# Speaking of Plecos...



## gemjunkie (Jan 20, 2005)

Well,
I love my plecos and got some spawning for me.. 

I have alanquer L333s in just about every tank in the house now.

I DO have BNs in every tank. BN & 333s are spawning machines I tell ya!

I just found that I have a pair of L262s and have fry in another a community pleco tank.

And at some point, my L129s spawned without me knowing AND had fry live among a lot of cichlids. Just amazing! 

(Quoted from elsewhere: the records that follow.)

function grow_test :: "(nat \<Rightarrow> real) \<Rightarrow> nat \<Rightarrow> nat \<Rightarrow> nat set \<Rightarrow> nat set \<times> nat" where
  "grow_test q n i t =
     (if n < i then (t, i)
      else if util q (insert i t) \<ge> util q t then grow_test q n (Suc i) (insert i t)
      else (t, i))"
  by pat_completeness auto
termination by (relation "measure (\<lambda>(q, n, i, t). Suc n - i)") auto

fun greedy_from :: "(nat \<Rightarrow> real) \<Rightarrow> nat \<Rightarrow> nat \<Rightarrow> nat \<Rightarrow> nat set list" where
  "greedy_from q n 0 i = []"
| "greedy_from q n (Suc B) i =
     (let (t, i') = grow_test q n i {} in t # greedy_from q n B i')"

definition var_greedy :: "(nat \<Rightarrow> real) \<Rightarrow> nat \<Rightarrow> nat \<Rightarrow> nat set list" where
  "var_greedy q n B = greedy_from q n B 1"

end

(* Dual fitting for the LP relaxation of choosing B disjoint tests.  By AM-GM a test s of
   size k has utility at most sum_{x in s} q_x^k, so prices alpha_x >= 0 and beta >= 0 with
   q_x^m - beta/m <= alpha_x for all m bound the utility of every test by
   sum_{x in s} alpha_x + beta, and the welfare of every regime by sum_x alpha_x + B beta.
   Take beta = max_k k q_F^k, where F is the first individual left out by var-Greedy; then
   the individuals from F on need no price.  In a greedy block of size K with smallest
   probability z, the last admission gives z >= (K-1)/K, hence e z^(K-1) >= 1 because
   (1 + 1/(K-1))^(K-1) <= e, and the rejection of the next individual gives beta <= K z^K.
   Interpolating between alpha = q on the block (enough when beta = 0) and a linear function
   of q (enough when beta = K z^K) prices the block plus one copy of beta at no more than
   e times the utility of the block. *)

theory Submission
  imports Defs "HOL-Analysis.Convex"
begin

lemma card_mult_prod_le_sum_power:
  fixes x :: "'a \<Rightarrow> real"
  assumes "finite S" "S \<noteq> {}" "\<And>i. i \<in> S \<Longrightarrow> 0 \<le> x i"
  shows "real (card S) * (\<Prod>i\<in>S. x i) \<le> (\<Sum>i\<in>S. x i ^ card S)"
proof -
  let ?k = "card S"
  have k: "?k > 0" using assms by (simp add: card_gt_0_iff)
  have "(\<Prod>i\<in>S. x i) = ((\<Prod>i\<in>S. x i) ^ ?k) powr (1 / ?k)"
  proof (cases "(\<Prod>i\<in>S. x i) = 0")
    case False
    then have "(\<Prod>i\<in>S. x i) > 0" using assms(3) by (simp add: prod_nonneg order_less_le)
    then show ?thesis using k by (simp add: powr_realpow [symmetric] powr_powr)
  qed (use k in simp)
  also have "\<dots> = (\<Prod>i\<in>S. x i ^ ?k) powr (1 / ?k)" by (simp add: prod_power_distrib)
  also have "\<dots> \<le> (\<Sum>i\<in>S. x i ^ ?k / ?k)"
    by (rule arith_geom_mean) (use assms in auto)
  finally have "(\<Prod>i\<in>S. x i) \<le> (\<Sum>i\<in>S. x i ^ ?k) / ?k" by (simp add: sum_divide_distrib)
  then show ?thesis using k by (simp add: field_simps)
qed

(* The constraints of the LP dual, strengthened via AM-GM to constraints on single
   individuals (see util_le_dual); beta is the price of the budget of B tests. *)
definition dual_feasible :: "(nat \<Rightarrow> real) \<Rightarrow> nat \<Rightarrow> real \<Rightarrow> (nat \<Rightarrow> real) \<Rightarrow> nat set \<Rightarrow> bool" where
  "dual_feasible q n \<beta> \<alpha> S \<longleftrightarrow>
     (\<forall>x\<in>S. 0 \<le> \<alpha> x \<and> (\<forall>m\<in>{1..n}. q x ^ m - \<beta> / real m \<le> \<alpha> x))"

lemma util_le_dual:
  assumes "dual_feasible q n \<beta> \<alpha> s" "0 \<le> \<beta>" "s \<subseteq> {1..n}"
    and "\<And>x. x \<in> s \<Longrightarrow> 0 \<le> q x"
  shows "util q s \<le> (\<Sum>x\<in>s. \<alpha> x) + \<beta>"
proof (cases "s = {}")
  case False
  have "finite s" using assms finite_subset by blast
  let ?k = "card s"
  have k: "1 \<le> ?k" "?k \<le> n"
    using \<open>finite s\<close> False card_mono [OF _ assms(3)] by (auto simp: Suc_le_eq card_gt_0_iff)
  have "util q s = real ?k * (\<Prod>x\<in>s. q x)" by (simp add: util_def qprod_def)
  also have "\<dots> \<le> (\<Sum>x\<in>s. q x ^ ?k)"
    using \<open>finite s\<close> False assms(4) by (rule card_mult_prod_le_sum_power)
  also have "\<dots> = (\<Sum>x\<in>s. q x ^ ?k - \<beta> / real ?k) + \<beta>"
    using k by (simp add: sum_subtractf)
  also have "\<dots> \<le> (\<Sum>x\<in>s. \<alpha> x) + \<beta>"
    using assms k unfolding dual_feasible_def by (intro add_mono sum_mono) auto
  finally show ?thesis .
qed (use assms in \<open>simp add: util_def\<close>)

lemma welfare_le_dual:
  assumes "\<forall>i\<in>{1..n}. 0 \<le> q i \<and> q i \<le> 1"
    and "dual_feasible q n \<beta> \<alpha> {1..n}" "0 \<le> \<beta>" "T \<in> regimes n B"
  shows "welfare q T \<le> (\<Sum>x\<in>{1..n}. \<alpha> x) + real B * \<beta>"
proof -
  have len: "length T = B" and sub: "\<And>j. j < B \<Longrightarrow> T ! j \<subseteq> {1..n}"
    and dis: "\<And>j k. j < B \<Longrightarrow> k < B \<Longrightarrow> j \<noteq> k \<Longrightarrow> T ! j \<inter> T ! k = {}"
    using assms(4) by (auto simp: regimes_def)
  have "welfare q T = (\<Sum>j<B. util q (T ! j))"
    using len by (simp add: welfare_def sum_list_sum_nth atLeast0LessThan)
  also have "\<dots> \<le> (\<Sum>j<B. (\<Sum>x\<in>T ! j. \<alpha> x) + \<beta>)"
  proof (rule sum_mono)
    fix j assume "j \<in> {..<B}"
    then have "T ! j \<subseteq> {1..n}" using sub by simp
    moreover from this have "dual_feasible q n \<beta> \<alpha> (T ! j)"
      using assms(2) by (auto simp: dual_feasible_def)
    ultimately show "util q (T ! j) \<le> (\<Sum>x\<in>T ! j. \<alpha> x) + \<beta>"
      using assms by (intro util_le_dual) auto
  qed
  also have "\<dots> = (\<Sum>j<B. (\<Sum>x\<in>T ! j. \<alpha> x)) + real B * \<beta>" by (simp add: sum.distrib)
  also have "(\<Sum>j<B. (\<Sum>x\<in>T ! j. \<alpha> x)) = (\<Sum>x\<in>(\<Union>j<B. T ! j). \<alpha> x)"
    using sub dis by (subst sum.UNION_disjoint) (auto intro: finite_subset)
  also have "(\<Sum>x\<in>(\<Union>j<B. T ! j). \<alpha> x) + real B * \<beta> \<le> (\<Sum>x\<in>{1..n}. \<alpha> x) + real B * \<beta>"
    using sub assms(2) by (auto simp: dual_feasible_def intro!: sum_mono2)
  finally show ?thesis .
qed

Hope to get all my zebras, queen arabasques, opal spots and L270s in tanks of their own soon and maybe they'll get the idea too. Just wish I had a female watermellon royal because my boy has been in my HUGE cave for weeks fanning like mad and here I thought they were mud spawners? hmmm

I'll keep everyone updated.


----------



## TREASURECHEST (Mar 31, 2006)

gemjunkie said:


> Well,
> I love my plecos and got some spawning for me..
> 
> I have alanquer L333s in just about every tank in the house now.
> ...



I'm in my cave fanning like mad.....when are you gonna come for a visit? ;-)


----------



## Osiris (Jan 18, 2005)

LOL

Awesome to hear Gem! So where can i buy some of this liquid viagra?


----------



## shade2dope (Jan 21, 2007)

Sounds good ......How muck did you pay for your zebra plecos?


----------



## gemjunkie (Jan 20, 2005)

Shade,
I bought my zebras all 2 years ago OR more. SO, no where near what they are worth today..


----------